The exponential decline curve may be expressed in the form of equation 2 (below) such that the exponential decline may be described by two free parameters: (1) an amplitude parameter A and (2) a rate of exponential decline parameter τ. These two parameters may be expressed as a 2-dimensional vector u in the form of equation 3 (below), as illustrated by Box (17) of FIG. 1A.

$\begin{array}{cc}q\left(t\right)=A{}^{-t/\tau }& \left(\mathrm{Eq}2\right)\\ u=\left[\begin{array}{c}A\\ \tau \end{array}\right]& \left(\mathrm{Eq}3\right)\end{array}$

Parameters A and τ of the exponential decline curve associated with the measured production data may be initially estimated by taking the logarithm of both sides of equation 2 in order to generate equation 4 as follows:

y(t)=ln q(t)=ln A−t/r  (Eq 4)

In this example, equation 4 is a linear equation having independent time variable t, a slope of −(1/r) and an intercept of ln A. A semi-log plot of the measured production data may be generated, as illustrated by FIG. 2, and a straight line (18) that best fits the measured production data in the semi log plot may be determined. In one embodiment, a least squares linear regression approach may be utilized to determine the best fitting straight line (18) for the semi-log plot of the measured oilfield production data (10A).

The slope and intercept of the best fitting straight line (18) may be utilized to provide an initial estimate for parameters A and τ of the 2-dimensional vector u, providing the following average or mean values for A and τ in this example:

A=6070 barrels/month; τ=467 days  (Eq 5)

The estimated values for A and τ of two-dimensional vector u may then be utilized to generate the exponential decline curve associated with the example measured production data of FIG. 1. In one embodiment, this may be accomplished by inserting estimated A and τ values into exponential equation 2 (above) over the time interval of the measured production data.
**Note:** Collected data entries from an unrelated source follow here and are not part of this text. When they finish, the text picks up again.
(* Let $(X_1,M_1),\dots,(X_n,M_n)$ be i.i.d. copies of $(X,M)\sim\mathbb{P}_{X,M}$, $X\in\mathbb{R}^d$, $M\in\{0,1\}^d$, and let $\{P_\theta:\theta\in\Theta\}$ be any model on $\mathbb{R}^d$. For $x\in\mathbb{R}^d$, $m\in\{0,1\}^d$ define $$\ell(x,m;\theta)=\big\langle\Phi(P_\theta^{(m)}),\Phi(P_\theta^{(m)})\big\rangle_{\mathcal{H}}-2\big\langle\Phi(P_\theta^{(m)}),\Phi(x^{(m)})\big\rangle_{\mathcal{H}}$$ for $m\neq(1,\dots,1)$ and $\ell(x,(1,\dots,1);\theta)=0$, and set $\widehat L_n(\theta)=\frac1n\sum_{i=1}^n\ell(X_i,M_i;\theta)$ and $L(\theta)=\mathbb{E}_{(X,M)}[\ell(X,M;\theta)]$. Then $$\sup_{\theta\in\Theta}\big|\widehat L_n(\theta)-L(\theta)\big|\to0\quad\mathbb{P}_{X,M}\text{-almost surely as }n\to\infty.$$
   Context: $M_j=0$ means $X_j$ observed, $M_j=1$ missing. For $m\in\{0,1\}^d$, $x^{(m)}$ is the subvector of observed coordinates $\{j:m_j=0\}$ and $Q^{(m)}$ the law of $Y^{(m)}$, $Y\sim Q$. $k$ is a positive definite kernel bounded by $1$, dimension-independent (same formula in every dimension, e.g. Gaussian kernel), with RKHS $\mathcal{H}$; $\Phi(Q)=\mathbb{E}_{Y\sim Q}[k(Y,\cdot)]$ is the mean embedding and $\Phi(x)=k(x,\cdot)$. *)

theory Defs
  imports "HOL-Probability.Probability"
begin

text \<open>Vectors in R^d are \<open>real ^ 'd::{finite,linorder}\<close> for a finite, linearly ordered index type \<open>'d::{finite,linorder}\<close>;
  missingness patterns are \<open>m :: 'd::{finite,linorder} \<Rightarrow> bool\<close> with \<open>m j = True\<close> meaning coordinate j is missing.\<close>

text \<open>Observed subvector \<open>x^(m)\<close>: the observed coordinates, in increasing index order,
  as a list (so its dimension varies with m).\<close>
definition obs_sub :: "('d::{finite,linorder} \<Rightarrow> bool) \<Rightarrow> real ^ 'd::{finite,linorder} \<Rightarrow> real list" where
  "obs_sub m x = map (\<lambda>j. x $ j) (sorted_list_of_set {j. \<not> m j})"

text \<open>A dimension-independent kernel is one function on real lists (vectors of any length).
  Positive definiteness (in every dimension) and symmetry.\<close>
definition pd_kernel :: "(real list \<Rightarrow> real list \<Rightarrow> real) \<Rightarrow> bool" where
  "pd_kernel k \<longleftrightarrow> (\<forall>u v. k u v = k v u) \<and>
     (\<forall>(l::nat) (n::nat) (xs::nat \<Rightarrow> real list) (c::nat \<Rightarrow> real).
        (\<forall>i<n. length (xs i) = l) \<longrightarrow> 0 \<le> (\<Sum>i<n. \<Sum>j<n. c i * c j * k (xs i) (xs j)))"
lemma is_profunctor_usem_no_eqs: "is_profunctor D E (usem D E P)"
  unfolding is_profunctor_def El_usem_no_eqs
proof (intro conjI allI impI; elim exE conjE)
  fix p c c' d x r
  assume "is_path D c c' p" "x = {r}" "is_path (total D E P) (Inl c') (Inr d) r"
  then show "\<exists>r'. Lact (usem D E P) p d x = {r'} \<and> is_path (total D E P) (Inl c) (Inr d) r'"
    by (simp add: Lact_usem_no_eqs is_path_pcomp_liftL)
next
  fix q d d' c x r
  assume "is_path E d d' q" "x = {r}" "is_path (total D E P) (Inl c) (Inr d) r"
  then show "\<exists>r'. Ract (usem D E P) q c x = {r'} \<and> is_path (total D E P) (Inl c) (Inr d') r'"
    by (simp add: Ract_usem_no_eqs is_path_pcomp_liftR)
next
  fix c d x r
  assume "c \<in> Sorts D" "d \<in> Sorts E" "x = {r}" "is_path (total D E P) (Inl c) (Inr d) r"
  moreover have "is_path D c c (c, [])" "is_path E d d (d, [])"
    using \<open>c \<in> Sorts D\<close> \<open>d \<in> Sorts E\<close> by (simp_all add: is_path_def)
  ultimately show "Lact (usem D E P) (c, []) d x = x" "Ract (usem D E P) (d, []) c x = x"
    by (simp_all add: Lact_usem_no_eqs Ract_usem_no_eqs pcomp_liftL_Nil pcomp_liftR_Nil)
next
  fix p p' c c' c'' d x r
  assume p: "is_path D c c' p" "is_path D c' c'' p'"
    and r: "x = {r}" "is_path (total D E P) (Inl c'') (Inr d) r"
  have "is_path D c c'' (pcomp p p')" "is_path (total D E P) (Inl c') (Inr d) (pcomp (liftL p') r)"
    using p r(2) by (simp_all add: is_path_pcomp is_path_pcomp_liftL)
  with p r show "Lact (usem D E P) (pcomp p p') d x =
      Lact (usem D E P) p d (Lact (usem D E P) p' d x)"
    by (simp add: Lact_usem_no_eqs liftL_pcomp pcomp_assoc)
next
  fix q q' d d' d'' c x r
  assume q: "is_path E d d' q" "is_path E d' d'' q'"
    and r: "x = {r}" "is_path (total D E P) (Inl c) (Inr d) r"
  have "is_path E d d'' (pcomp q q')" "is_path (total D E P) (Inl c) (Inr d') (pcomp r (liftR q))"
    using q r(2) by (simp_all add: is_path_pcomp is_path_pcomp_liftR)
  with q r show "Ract (usem D E P) (pcomp q q') c x =
      Ract (usem D E P) q' c (Ract (usem D E P) q c x)"
    by (simp add: Ract_usem_no_eqs liftR_pcomp pcomp_assoc)
next
  fix p p' :: "('s1,'f1) path" and c c' d x r
  assume "peq D p p'"
  then show "Lact (usem D E P) p d x = Lact (usem D E P) p' d x"
    using no_eqs(1) peq_no_eqs by metis
next
  fix q q' :: "('s2,'f2) path" and d d' c x r
  assume "peq E q q'"
  then show "Ract (usem D E P) q c x = Ract (usem D E P) q' c x"
    using no_eqs(3) peq_no_eqs by metis
next
  fix p q c c' d d' x r
  assume "is_path D c c' p" "is_path E d d' q" "x = {r}" "is_path (total D E P) (Inl c') (Inr d) r"
  then show "Lact (usem D E P) p d' (Ract (usem D E P) q c' x) =
      Ract (usem D E P) q c (Lact (usem D E P) p d x)"
    by (simp add: Lact_usem_no_eqs Ract_usem_no_eqs is_path_pcomp_liftL is_path_pcomp_liftR
        pcomp_assoc)
qed

lemma infinite_El_usem_loop:
  assumes f: "f \<in> Funs D" "fdom D f = c" "fcod D f = c" and c: "c \<in> Sorts D"
    and x: "x \<in> Gens P" "gsrc P x = c" "gtgt P x = d"
  shows "infinite (El (usem D E P) c d)"
proof -
  define r :: "nat \<Rightarrow> ('s1 + 's2, 'f1 + 'g + 'f2) path"
    where "r n = (Inl c, replicate n (Inl f) @ [Inr (Inl x)])" for n
  have "chain (total D E P) (Inl c) (replicate n (Inl f)) \<and> pend (total D E P) (Inl c) (replicate n (Inl f)) = Inl c"
    for n using f by (induction n) auto
  then have "is_path (total D E P) (Inl c) (Inr d) (r n)" for n
    using c x by (simp add: is_path_def r_def chain_append pend_append)
  then have "range (\<lambda>n. {r n}) \<subseteq> El (usem D E P) c d"
    by (auto simp: El_usem_no_eqs)
  moreover have "inj (\<lambda>n. {r n})"
    by (auto simp: inj_def r_def)
  ultimately show ?thesis
    using infinite_UNIV_nat finite_imageD infinite_super by metis
qed

end

lemma prof_iso_refl: "prof_iso D E Q Q"
  unfolding prof_iso_def by (rule exI[of _ "\<lambda>c d x. x"]) (simp add: bij_betw_id[unfolded id_def])

lemma fin_uncurried_presentable_usem:
  fixes P :: "('s1,'f1,'s2,'f2,nat) upres"
  shows "wf_upres D E P \<Longrightarrow> finite_upres D E P \<Longrightarrow> fin_uncurried_presentable D E (usem D E P)"
  unfolding fin_uncurried_presentable_def using prof_iso_refl by blast

lemma instance_term_no_funs:
  assumes "Funs E = {}" and "is_path (total unit_pres E I) (Inl ()) (Inr d) t"
  shows "t \<in> gterm ` Gens I"
proof -
  have no_chain_from_Inr: "chain (total unit_pres E I) (Inr d') fs \<Longrightarrow> fs = []" for d' fs
    using assms(1) by (cases fs) auto
  obtain fs where t: "t = (Inl (), fs)"
    using assms(2) by (cases t) (simp add: is_path_def)
  then have "fs \<noteq> []" and "chain (total unit_pres E I) (Inl ()) fs"
    using assms(2) by (auto simp: is_path_def)
  then obtain x gs where "fs = Inr (Inl x) # gs" "x \<in> Gens I"
      and "chain (total unit_pres E I) (Inr (gtgt I x)) gs"
    using assms(1) by (cases fs) (auto simp: unit_pres_def)
  then show ?thesis
    using t no_chain_from_Inr by (auto simp: gterm_def)
qed

lemma finite_El_csem_no_funs:
  assumes "Funs E = {}" and "finite (Gens (Obj P c))"
  shows "finite (El (csem D E P) c d)"
proof -
  have "El (csem D E P) c d \<subseteq> pclass (total unit_pres E (Obj P c)) ` gterm ` Gens (Obj P c)"
    using instance_term_no_funs[OF assms(1)] by (force simp: csem_def)
  then show ?thesis
    using assms(2) by (simp add: finite_subset)
qed

lemma prof_iso_finite_El:
  assumes "prof_iso D E Q Q'" and "c \<in> Sorts D" and "d \<in> Sorts E"
  shows "finite (El Q c d) \<longleftrightarrow> finite (El Q' c d)"
  using assms bij_betw_finite by (fastforce simp: prof_iso_def)

lemma fin_curried_presentable_finite_El:
  fixes D :: "('s1,'f1) catpres" and E :: "('s2,'f2) catpres"
  assumes "fin_curried_presentable D E Q" and "Funs E = {}" and "c \<in> Sorts D" and "d \<in> Sorts E"
  shows "finite (El Q c d)"
proof -
  obtain P :: "('s1,'f1,'s2,'f2,nat) cpres"
    where "finite_cpres D E P" and iso: "prof_iso D E Q (csem D E P)"
    using assms(1) unfolding fin_curried_presentable_def by blast
  then have "finite (Gens (Obj P c))"
    using assms(3) by (simp add: finite_cpres_def)
  then show ?thesis
    using finite_El_csem_no_funs[OF assms(2)] prof_iso_finite_El[OF iso assms(3,4)] by simp
qed

definition free_loop_pres :: "(nat, nat) catpres" where
  "free_loop_pres = \<lparr>Sorts = {0}, Funs = {0}, fdom = (\<lambda>_. 0), fcod = (\<lambda>_. 0), Eqs = {}\<rparr>"

definition point_pres :: "(nat, nat) catpres" where
  "point_pres = \<lparr>Sorts = {0}, Funs = {}, fdom = (\<lambda>_. 0), fcod = (\<lambda>_. 0), Eqs = {}\<rparr>"

definition single_gen_upres :: "(nat, nat, nat, nat, nat) upres" where
  "single_gen_upres = \<lparr>Gens = {0}, gsrc = (\<lambda>_. 0), gtgt = (\<lambda>_. 0), UEqs = {}\<rparr>"

theorem mainTheorem7:
  shows "\<exists>(D :: (nat, nat) catpres) (E :: (nat, nat) catpres)
            (Q :: (nat, nat, nat, nat, (nat + nat, nat + nat + nat) path set) prof).
           wf_catpres D \<and> finite_catpres D \<and> wf_catpres E \<and> finite_catpres E \<and>
           is_profunctor D E Q \<and>
           fin_uncurried_presentable D E Q \<and> \<not> fin_curried_presentable D E Q"
proof (intro exI conjI)
  let ?D = free_loop_pres and ?E = point_pres and ?P = single_gen_upres
  have no_eqs: "Eqs ?D = {}" "UEqs ?P = {}" "Eqs ?E = {}"
    by (simp_all add: free_loop_pres_def single_gen_upres_def point_pres_def)
  show "wf_catpres ?D" "finite_catpres ?D" "wf_catpres ?E" "finite_catpres ?E"
    by (simp_all add: wf_catpres_def finite_catpres_def free_loop_pres_def point_pres_def)
  show "is_profunctor ?D ?E (usem ?D ?E ?P)"
    using is_profunctor_usem_no_eqs[OF no_eqs] .
  show "fin_uncurried_presentable ?D ?E (usem ?D ?E ?P)"
    by (rule fin_uncurried_presentable_usem)
      (simp_all add: wf_upres_def finite_upres_def wf_catpres_def finite_catpres_def
        free_loop_pres_def point_pres_def single_gen_upres_def)
  have "infinite (El (usem ?D ?E ?P) 0 0)"
    by (rule infinite_El_usem_loop[OF no_eqs, of 0])
      (simp_all add: free_loop_pres_def single_gen_upres_def)
  then show "\<not> fin_curried_presentable ?D ?E (usem ?D ?E ?P)"
    using fin_curried_presentable_finite_El by (fastforce simp: point_pres_def free_loop_pres_def)
qed

end
lemma mean_Wmat_row_sum_eq:
  assumes v: "v \<in> N"
  shows "(\<Sum>u\<in>N. mean_Wmat v u) = binomial_mean (deg n E v) (p v) (\<lambda>x. 1 / (x + 1))
    + real (deg n E v) * (p v * binomial_mean (deg n E v - 1) (p v) (\<lambda>x. 1 / (x + 2)))"
proof -
  have "{u \<in> N - {v}. E u v} = nbrs v" unfolding nbrs_def using noloop by auto
  moreover have "(\<Sum>u\<in>N. mean_Wmat v u) = mean_Wmat v v + (\<Sum>u\<in>N - {v}. mean_Wmat v u)"
    using v by (simp add: sum.remove)
  moreover have "(\<Sum>u\<in>N - {v}. mean_Wmat v u) = (\<Sum>u\<in>{u \<in> N - {v}. E u v}.
      p v * binomial_mean (deg n E v - 1) (p v) (\<lambda>x. 1 / (x + 2)))"
    by (subst sum.inter_filter) (auto simp: mean_Wmat_def intro!: sum.cong)
  ultimately show ?thesis by (simp add: mean_Wmat_def deg_eq_card_nbrs)
qed

lemma weight_denominator_pos:
  assumes v: "v \<in> N"
  shows "0 < p v * (real (deg n E v) + 1) - 1 + (1 - p v) ^ (deg n E v + 1)"
proof -
  let ?q = "p v" and ?d = "deg n E v"
  have q: "0 < ?q" "?q < 1" using prange v by auto
  have d: "?d \<ge> 1" using degpos v by auto
  have "1 + real ?d * (- ?q) \<le> (1 + - ?q) ^ ?d" using q by (intro Bernoulli_inequality) auto
  then have "(1 - real ?d * ?q) * (1 - ?q) \<le> (1 - ?q) ^ ?d * (1 - ?q)"
    using q by (intro mult_right_mono) auto
  moreover have "real ?d * ?q * ?q > 0" using q d by auto
  ultimately show ?thesis by (simp add: algebra_simps)
qed

lemma weight_pos: assumes v: "v \<in> N" shows "0 < weight n E p v"
proof -
  have "1 \<le> deg n E v" "0 < p v" using degpos prange v by auto
  then show ?thesis using weight_denominator_pos[OF v] unfolding weight_def Let_def
    by (intro divide_pos_pos mult_pos_pos) auto
qed

definition "stationary_weight v = rho n E p * weight n E p v"

lemma sum_stationary_weight: "(\<Sum>v\<in>N. stationary_weight v) = 1"
proof -
  have "0 < (\<Sum>i\<in>N. weight n E p i)"
    using weight_pos vertices_nonempty by (intro sum_pos) auto
  then show ?thesis unfolding stationary_weight_def rho_def by (simp add: sum_distrib_left[symmetric])
qed

lemma stationary_weight_mul_mean_Wmat_diag:
  assumes v: "v \<in> N"
  shows "stationary_weight v * (1 - mean_Wmat v v) = rho n E p * real (deg n E v)"
proof -
  let ?q = "p v" and ?d = "real (deg n E v)"
  define den where "den = ?q * (?d + 1) - 1 + (1 - ?q) ^ (deg n E v + 1)"
  have q: "0 < ?q" using prange v by auto
  have den: "den \<noteq> 0" using weight_denominator_pos[OF v] unfolding den_def by simp
  have d1q: "(?d + 1) * ?q \<noteq> 0" using q by simp
  have "1 - mean_Wmat v v = 1 - (1 - (1 - ?q) ^ (deg n E v + 1)) / ((?d + 1) * ?q)"
    unfolding mean_Wmat_def using binomial_mean_inverse_Suc[OF q] by simp
  also have "\<dots> = den / ((?d + 1) * ?q)"
    using d1q unfolding den_def by (simp add: field_simps)
  finally have "stationary_weight v * (1 - mean_Wmat v v)
      = rho n E p * ((?q * (?d + 1) * ?d / den) * (den / ((?d + 1) * ?q)))"
    unfolding stationary_weight_def weight_def Let_def den_def by simp
  also have "(?q * (?d + 1) * ?d / den) * (den / ((?d + 1) * ?q)) = (?q * (?d + 1) * ?d) / ((?d + 1) * ?q)"
    using den by simp
  also have "?q * (?d + 1) * ?d = ((?d + 1) * ?q) * ?d" by (simp only: ac_simps)
  also have "\<dots> / ((?d + 1) * ?q) = ?d" using d1q by (rule nonzero_mult_div_cancel_left)
  finally show ?thesis .
qed
text \<open>
  \<open>\<sigma>\<^sub>m\<close> is a quadratic Boolean function: all its third derivatives vanish, since the
  indicator of the digit 1 is quadratic on \<open>\<int>\<^sub>2\<^sup>2\<close> and \<open>\<sigma>\<^sub>m\<close> is the sum of these indicators
  over the digits. Hence in \<open>Cay(\<sigma>\<^sub>m)\<close> any three vertices \<open>u, v, w\<close> admit a vertex \<open>t\<close>
  (namely \<open>u + v + w\<close>) whose neighbourhood is the symmetric difference of the neighbourhoods
  of \<open>u\<close>, \<open>v\<close> and \<open>w\<close>, complemented according to the adjacencies among \<open>u, v, w\<close>; this
  property is invariant under graph isomorphism. For \<open>m \<ge> 4\<close> it fails in \<open>Cay(\<tau>\<^sub>m)\<close>
  for \<open>u, v, w = 0, 1, 4\<close>: such a \<open>t\<close> would be adjacent to all of \<open>0, 7, 21, 70, 83\<close>, but
  these vertices have no common neighbour. This is a finite check, since the digits of \<open>t\<close>
  beyond the fourth enter only through how many of them lie in \<open>{1, 2}\<close> and in \<open>{1}\<close>.
  For \<open>m \<le> 3\<close> explicit isomorphisms are verified by computation.
\<close>

lemma xor_less_four_power:
  fixes x y :: nat
  assumes "x < 4 ^ m" and "y < 4 ^ m"
  shows "xor x y < 4 ^ m"
proof -
  have "take_bit (2 * m) x = x" and "take_bit (2 * m) y = y"
    using assms by (simp_all add: take_bit_nat_eq_self_iff power_mult)
  then have "take_bit (2 * m) (xor x y) = xor x y"
    by simp
  then show ?thesis
    by (metis take_bit_nat_less_exp power_mult numeral_Bit0_eq_double mult_2 power2_eq_square)
qed
(* Let $W_L$ be a right-angled Coxeter group with nerve $L$, and let $K\subseteq L$ be a full subcomplex. For every $t>0$ and every $q$, the von Neumann dimension of the $U_t(W_L)$-module $L^2_tH^q(W_L\Sigma_K)$ equals $b^q_t(\Sigma_K)$, the von Neumann dimension of the $U_t(W_K)$-module $L^2_tH^q(\Sigma_K)$.
   Context: A Coxeter group is right-angled if any two generators related in the standard presentation commute. Its nerve $L$ is the flag simplicial complex with vertex set $S$ in which simplices correspond to sets of pairwise commuting generators. A subcomplex $K\subseteq L$ is full if it contains every simplex of $L$ all of whose vertices lie in $K$. $W_K$ is the special subgroup generated by the vertices of $K$. The Davis chamber of $W_L$ is $D_L=CL'$ (the cone on the barycentric subdivision of $L$), and that of $W_K$ is $D_K=CK'\subseteq D_L$. Extending this inclusion $W_K$-equivariantly embeds the Davis complex $\Sigma_K$ of $W_K$ into $\Sigma_L$. Then $W_L\Sigma_K=\bigcup_{w\in W_L}w\Sigma_K$, a disjoint union of translates of $\Sigma_K$. For a Coxeter group $W$ with word length $d$: ${\bf C}_t[W]$ has basis $\{\delta_w\}$, inner product $\langle\delta_w,\delta_v\rangle_t=t^{d(w)}$ if $w=v$ and $0$ otherwise, and Hecke multiplication $\delta_w\delta_s=\delta_{ws}$ if $d(ws)>d(w)$, $t\delta_{ws}+(t-1)\delta_w$ otherwise. $L^2_t(W)$ is its completion. $U_t(W)$ and $V_t(W)$ are the von Neumann algebras generated by left, respectively right, multiplications. The trace of right multiplication by $b$ is the $\delta_1$-coefficient of $b$, summed over diagonal entries of matrices. Cochains. On a subcomplex $Y$ of the Davis complex $\Sigma$ of $W$ that is a union of $W$-translates of a subcomplex $E$ of the chamber $D$, the space $L^2_tC^q(Y)$ consists of $q$-cochains square-summable for the weight $t^{d(\sigma)}$, where $d(\sigma)=\min\{d(w):\sigma\subseteq wD\}$. The coboundary is $\delta$, with adjoint $\partial^tf(\eta)=\sum_{\sigma\supset\eta}[\eta:\sigma]t^{d(\sigma)-d(\eta)}f(\sigma)$. $L^2_tH^q(Y)$ is identified with the harmonic cochains $\ker\delta\cap\ker\partial^t$. Cochains embed in $\bigoplus_{\sigma\in E^{(q)}}L^2_t(W)$ via $f\mapsto W_{T(\sigma)}(t)^{-1/2}\sum_wf(w\sigma)\delta_w$, where $T(\sigma)$ is the largest $T$ with $\sigma\subseteq D_T$ and $W_T(x)=\sum_{u\in W_T}x^{d(u)}$. Dimension. The dimension of the module is the trace of the orthogonal projection onto the image of the harmonic cochains. $b^q_t(\Sigma_K)$ is this quantity for $Y=\Sigma_K$ and $W=W_K$. *)

theory Defs
  imports "HOL-Analysis.Analysis"
begin
theorem lemma4:
  shows "(Abs_fps (\<lambda>c. of_nat (T 2 c)) :: real fps)
       = (1 + 2 * fps_X ^ 2 - fps_X ^ 3) / (1 - 2 * fps_X - 2 * fps_X ^ 3 + fps_X ^ 4)"
proof -
  let ?D = "1 - 2 * fps_X - 2 * fps_X ^ 3 + fps_X ^ 4 :: real fps"
  have "fps_nth ?D 0 \<noteq> 0" by (simp add: numeral_fps_const)
  then have "?D \<noteq> 0" by (metis fps_zero_nth)
  moreover have "Abs_fps (\<lambda>c. of_nat (T 2 c)) * ?D = 1 + 2 * fps_X ^ 2 - fps_X ^ 3"
  proof (rule fps_times_denominator_eq)
    show "real (T 2 (n + 4)) = 2 * real (T 2 (n + 3)) + 2 * real (T 2 (n + 1)) - real (T 2 n)" for n
      using arg_cong[OF tatami_square_recurrence[of n], of real] by (simp add: T_two_eq_tatami_count)
  qed (use tatami_count_initial_values in \<open>simp_all add: T_two_eq_tatami_count\<close>)
  ultimately show ?thesis
    by (metis fps_divide_times_eq)
qed

end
A graphical representation illustrating the associated exponential decline curve and the measured production data may be generated and displayed to the user (12) via a graphical user interface (14). FIG. 3 illustrates an example graphical representation of the exponential decline curve (19) associated with the measured production data (10A) in this example.

In one embodiment, in order to represent the uncertainty about the exponential decline curve (19) associated with the measured production data, it may be represented as a random decline curve. In one embodiment, parameters A and τ of the 2-dimensional vector u, may be expressed as random or imprecisely known quantities such that u may be considered to be a 2-dimensional random variable having a first moment (mean) and a second moment (covariance). In this example, the mean of two dimensional vector u may be expressed by the variable m_u and the covariance may be expressed by the variable L_uu.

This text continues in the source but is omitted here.